The book explores many significant topics of Big Data analyses in an easily understandable format. It describes popular tools and software for Big Data analyses and explains next-generation DNA sequencing data analyses. It also discusses comprehensive Big Data analyses of several major areas, including the integration of omics data, pharmacogenomics, electronic health record data, and drug discovery.
Accessible to biologists, biomedical scientists, bioinformaticians, and computer data analysts, the book keeps complex mathematical deductions and jargon to a minimum.

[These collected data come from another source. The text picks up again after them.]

lemma fiber_entropy_eq_sum_image:
  assumes "finite W"
  shows "fiber_entropy m W f =
    (\<Sum>y\<in>f ` W. - sum m {w\<in>W. f w = y} * ln (sum m {w\<in>W. f w = y}))"
proof -
  have "(\<Sum>w\<in>W. m w * ln (fiber_mass m W f w))
      = (\<Sum>y\<in>f ` W. \<Sum>w\<in>{w\<in>W. f w = y}. m w * ln (fiber_mass m W f w))"
    by (rule sum.group[symmetric]) (use assms in auto)
  also have "\<dots> = (\<Sum>y\<in>f ` W. \<Sum>w\<in>{w\<in>W. f w = y}. m w * ln (sum m {v\<in>W. f v = y}))"
    unfolding fiber_mass_def by (intro sum.cong refl) auto
  also have "\<dots> = (\<Sum>y\<in>f ` W. sum m {w\<in>W. f w = y} * ln (sum m {w\<in>W. f w = y}))"
    by (simp add: sum_distrib_right)
  finally show ?thesis unfolding fiber_entropy_def by (simp add: sum_negf)
qed

lemma fiber_entropy_mono:
  assumes "finite W" "\<And>w. w \<in> W \<Longrightarrow> m w > 0"
  shows "fiber_entropy m W f \<le> fiber_entropy m W (\<lambda>w. (f w, g w))"
proof -
  have "m w * ln (fiber_mass m W (\<lambda>w. (f w, g w)) w) \<le> m w * ln (fiber_mass m W f w)"
    if "w \<in> W" for w
  proof -
    have "0 < fiber_mass m W (\<lambda>w. (f w, g w)) w"
      by (rule fiber_mass_pos[of W m, OF assms that])
    moreover have "fiber_mass m W (\<lambda>w. (f w, g w)) w \<le> fiber_mass m W f w"
      by (rule fiber_mass_pair_le[of W m, OF assms])
    ultimately show ?thesis
      using assms(2)[OF that] by (intro mult_left_mono) auto
  qed
  then show ?thesis unfolding fiber_entropy_def by (simp add: sum_mono)
qed

lemma sum_div_fiber_mass:
  assumes "finite W" "\<And>w. w \<in> W \<Longrightarrow> m w > 0"
  shows "(\<Sum>w\<in>W. m w * \<phi> (t w) / fiber_mass m W t w) = (\<Sum>u\<in>t ` W. \<phi> u)"
proof -
  have "(\<Sum>w\<in>W. m w * \<phi> (t w) / fiber_mass m W t w)
      = (\<Sum>u\<in>t ` W. \<Sum>w\<in>{w\<in>W. t w = u}. m w * \<phi> (t w) / fiber_mass m W t w)"
    by (rule sum.group[symmetric]) (use assms(1) in auto)
  also have "\<dots> = (\<Sum>u\<in>t ` W. \<Sum>w\<in>{w\<in>W. t w = u}. m w * (\<phi> u / sum m {v\<in>W. t v = u}))"
    unfolding fiber_mass_def by (intro sum.cong refl) auto
  also have "\<dots> = (\<Sum>u\<in>t ` W. sum m {w\<in>W. t w = u} * (\<phi> u / sum m {v\<in>W. t v = u}))"
    by (simp only: sum_distrib_right)
  also have "\<dots> = (\<Sum>u\<in>t ` W. \<phi> u)"
  proof (intro sum.cong refl)
    fix u assume "u \<in> t ` W"
    then obtain w where "w \<in> W" "u = t w" by blast
    then have "sum m {v\<in>W. t v = u} > 0"
      using fiber_mass_pos[of W m, OF assms] unfolding fiber_mass_def by blast
    then show "sum m {w\<in>W. t w = u} * (\<phi> u / sum m {v\<in>W. t v = u}) = \<phi> u" by simp
  qed
  finally show ?thesis .
qed

lemma sum_over_fibers:
  assumes "finite W"
  shows "(\<Sum>x\<in>k ` W. sum m {w\<in>W. P w \<and> k w = x}) = sum m {w\<in>W. P w}"
proof -
  have "sum m {w\<in>W. P w} = (\<Sum>x\<in>k ` W. sum m {w\<in>{w\<in>W. P w}. k w = x})"
    by (rule sum.group[symmetric]) (use assms in auto)
  also have "\<dots> = (\<Sum>x\<in>k ` W. sum m {w\<in>W. P w \<and> k w = x})"
    by (intro sum.cong refl arg_cong[where f="sum m"]) auto
  finally show ?thesis by simp
qed

text \<open>The conditionally independent coupling of f and g given h has the same total mass.\<close>

lemma sum_conditional_product:
  fixes m :: "'a \<Rightarrow> real"
  assumes "finite W" "\<And>w. w \<in> W \<Longrightarrow> m w > 0"
  shows "(\<Sum>z\<in>h ` W. \<Sum>x\<in>f ` W. \<Sum>y\<in>g ` W.
            sum m {w\<in>W. h w = z \<and> f w = x} * sum m {w\<in>W. h w = z \<and> g w = y}
            / sum m {w\<in>W. h w = z}) = sum m W"
proof -
  have "(\<Sum>x\<in>f ` W. \<Sum>y\<in>g ` W.
            sum m {w\<in>W. h w = z \<and> f w = x} * sum m {w\<in>W. h w = z \<and> g w = y}
            / sum m {w\<in>W. h w = z}) = sum m {w\<in>W. h w = z}"
    if "z \<in> h ` W" for z
  proof -
    have "sum m {w\<in>W. h w = z} > 0"
      using that fiber_mass_pos[of W m, OF assms] unfolding fiber_mass_def by blast
    then show ?thesis
      by (simp add: sum_product[symmetric] sum_divide_distrib[symmetric] sum_over_fibers[OF assms(1)])
  qed
  then have "(\<Sum>z\<in>h ` W. \<Sum>x\<in>f ` W. \<Sum>y\<in>g ` W.
            sum m {w\<in>W. h w = z \<and> f w = x} * sum m {w\<in>W. h w = z \<and> g w = y}
            / sum m {w\<in>W. h w = z}) = (\<Sum>z\<in>h ` W. sum m {w\<in>W. h w = z})"
    by (rule sum.cong[OF refl])
  also have "\<dots> = sum m W"
    using sum_over_fibers[OF assms(1), where k=h and P="\<lambda>_. True"] by simp
  finally show ?thesis .
qed

lemma sum_fiber_mass_ratio_le:
  assumes fin: "finite W" and pos: "\<And>w. w \<in> W \<Longrightarrow> m w > 0"
  shows "(\<Sum>w\<in>W. m w * (fiber_mass m W (\<lambda>w. (f w, h w)) w
                          * fiber_mass m W (\<lambda>w. (g w, h w)) w)
            / (fiber_mass m W (\<lambda>w. (f w, g w, h w)) w * fiber_mass m W h w))
         \<le> sum m W"
proof -
  define Q where "Q x y z = sum m {w\<in>W. h w = z \<and> f w = x} * sum m {w\<in>W. h w = z \<and> g w = y}
    / sum m {w\<in>W. h w = z}" for x y z
  have Q_nonneg: "Q x y z \<ge> 0" for x y z
    unfolding Q_def using pos
    by (intro divide_nonneg_nonneg mult_nonneg_nonneg sum_nonneg) (auto intro: less_imp_le)
  have "(\<Sum>w\<in>W. m w * (fiber_mass m W (\<lambda>w. (f w, h w)) w
                          * fiber_mass m W (\<lambda>w. (g w, h w)) w)
            / (fiber_mass m W (\<lambda>w. (f w, g w, h w)) w * fiber_mass m W h w))
      = (\<Sum>w\<in>W. m w * Q (f w) (g w) (h w) / fiber_mass m W (\<lambda>w. (f w, g w, h w)) w)"
    unfolding Q_def fiber_mass_def by (intro sum.cong refl) (simp add: conj_commute)
  also have "\<dots> = (\<Sum>(x, y, z)\<in>(\<lambda>w. (f w, g w, h w)) ` W. Q x y z)"
    using sum_div_fiber_mass[of W m, OF fin pos, where t="\<lambda>w. (f w, g w, h w)"
        and \<phi>="\<lambda>(x, y, z). Q x y z"] by simp
  also have "\<dots> \<le> (\<Sum>(x, y, z)\<in>f ` W \<times> g ` W \<times> h ` W. Q x y z)"
    using fin Q_nonneg by (intro sum_mono2) auto
  also have "\<dots> = (\<Sum>z\<in>h ` W. \<Sum>x\<in>f ` W. \<Sum>y\<in>g ` W. Q x y z)"
    by (simp add: sum.cartesian_product[symmetric] sum.swap[of _ "h ` W"])
  also have "\<dots> = sum m W"
    unfolding Q_def by (rule sum_conditional_product[OF fin pos])
  finally show ?thesis .
qed

text \<open>By ln x \<le> x - 1 the entropy defect is bounded by the preceding sum minus the total mass.\<close>

lemma fiber_entropy_submodular:
  assumes fin: "finite W" and pos: "\<And>w. w \<in> W \<Longrightarrow> m w > 0"
  shows "fiber_entropy m W (\<lambda>w. (f w, g w, h w)) + fiber_entropy m W h
           \<le> fiber_entropy m W (\<lambda>w. (f w, h w)) + fiber_entropy m W (\<lambda>w. (g w, h w))"
proof -
  define Pfgh Pfh Pgh Ph where
    "Pfgh = fiber_mass m W (\<lambda>w. (f w, g w, h w))" and "Pfh = fiber_mass m W (\<lambda>w. (f w, h w))"
    and "Pgh = fiber_mass m W (\<lambda>w. (g w, h w))" and "Ph = fiber_mass m W h"
  define r where "r w = Pfh w * Pgh w / (Pfgh w * Ph w)" for w
  have masses_pos: "0 < Pfgh w" "0 < Pfh w" "0 < Pgh w" "0 < Ph w" if "w \<in> W" for w
    unfolding Pfgh_def Pfh_def Pgh_def Ph_def using fin pos that by (auto intro!: fiber_mass_pos)
  have "fiber_entropy m W (\<lambda>w. (f w, g w, h w)) + fiber_entropy m W h
        - fiber_entropy m W (\<lambda>w. (f w, h w)) - fiber_entropy m W (\<lambda>w. (g w, h w))
      = (\<Sum>w\<in>W. m w * ln (r w))"
  proof -
    have "m w * ln (r w)
        = m w * ln (Pfh w) + m w * ln (Pgh w) - m w * ln (Pfgh w) - m w * ln (Ph w)"
      if "w \<in> W" for w
      using masses_pos[OF that] unfolding r_def by (simp add: ln_mult ln_div algebra_simps)
    then show ?thesis
      unfolding fiber_entropy_def Pfgh_def Pfh_def Pgh_def Ph_def
      by (simp add: sum.distrib sum_subtractf cong: sum.cong)
  qed
  also have "\<dots> \<le> (\<Sum>w\<in>W. m w * (r w - 1))"
    using pos masses_pos unfolding r_def
    by (intro sum_mono mult_left_mono ln_le_minus_one) (auto intro: less_imp_le)
  also have "\<dots> = (\<Sum>w\<in>W. m w * r w) - sum m W"
    by (simp add: right_diff_distrib sum_subtractf)
  also have "\<dots> \<le> 0"
    using sum_fiber_mass_ratio_le[OF fin pos, where f=f and g=g and h=h]
    unfolding r_def Pfgh_def Pfh_def Pgh_def Ph_def by (simp add: mult.assoc)
  finally show ?thesis by simp
qed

Each chapter includes a theoretical introduction, example applications, data analysis principles, step-by-step tutorials, and authoritative references.
Shui Qing Ye, MD, PhD, is the William R. Brown/Missouri Endowed Chair in Medical Genetics and Molecular Medicine and a tenured full professor in biomedical and health informatics and pediatrics at the University of Missouri–Kansas City School of Medicine. He is also the director of the Division of Experimental and Translational Genetics in the Department of Pediatrics and director of the Core of Omics Research at The Children’s Mercy Hospital. Dr. Ye has been involved with biomedical research for more than 30 years. His current research interests include the application of translational bioinformatics to leverage Big Data to make biological discoveries and gain new, unifying global biological insights, which may lead to the development of new diagnostic and therapeutic targets for human diseases.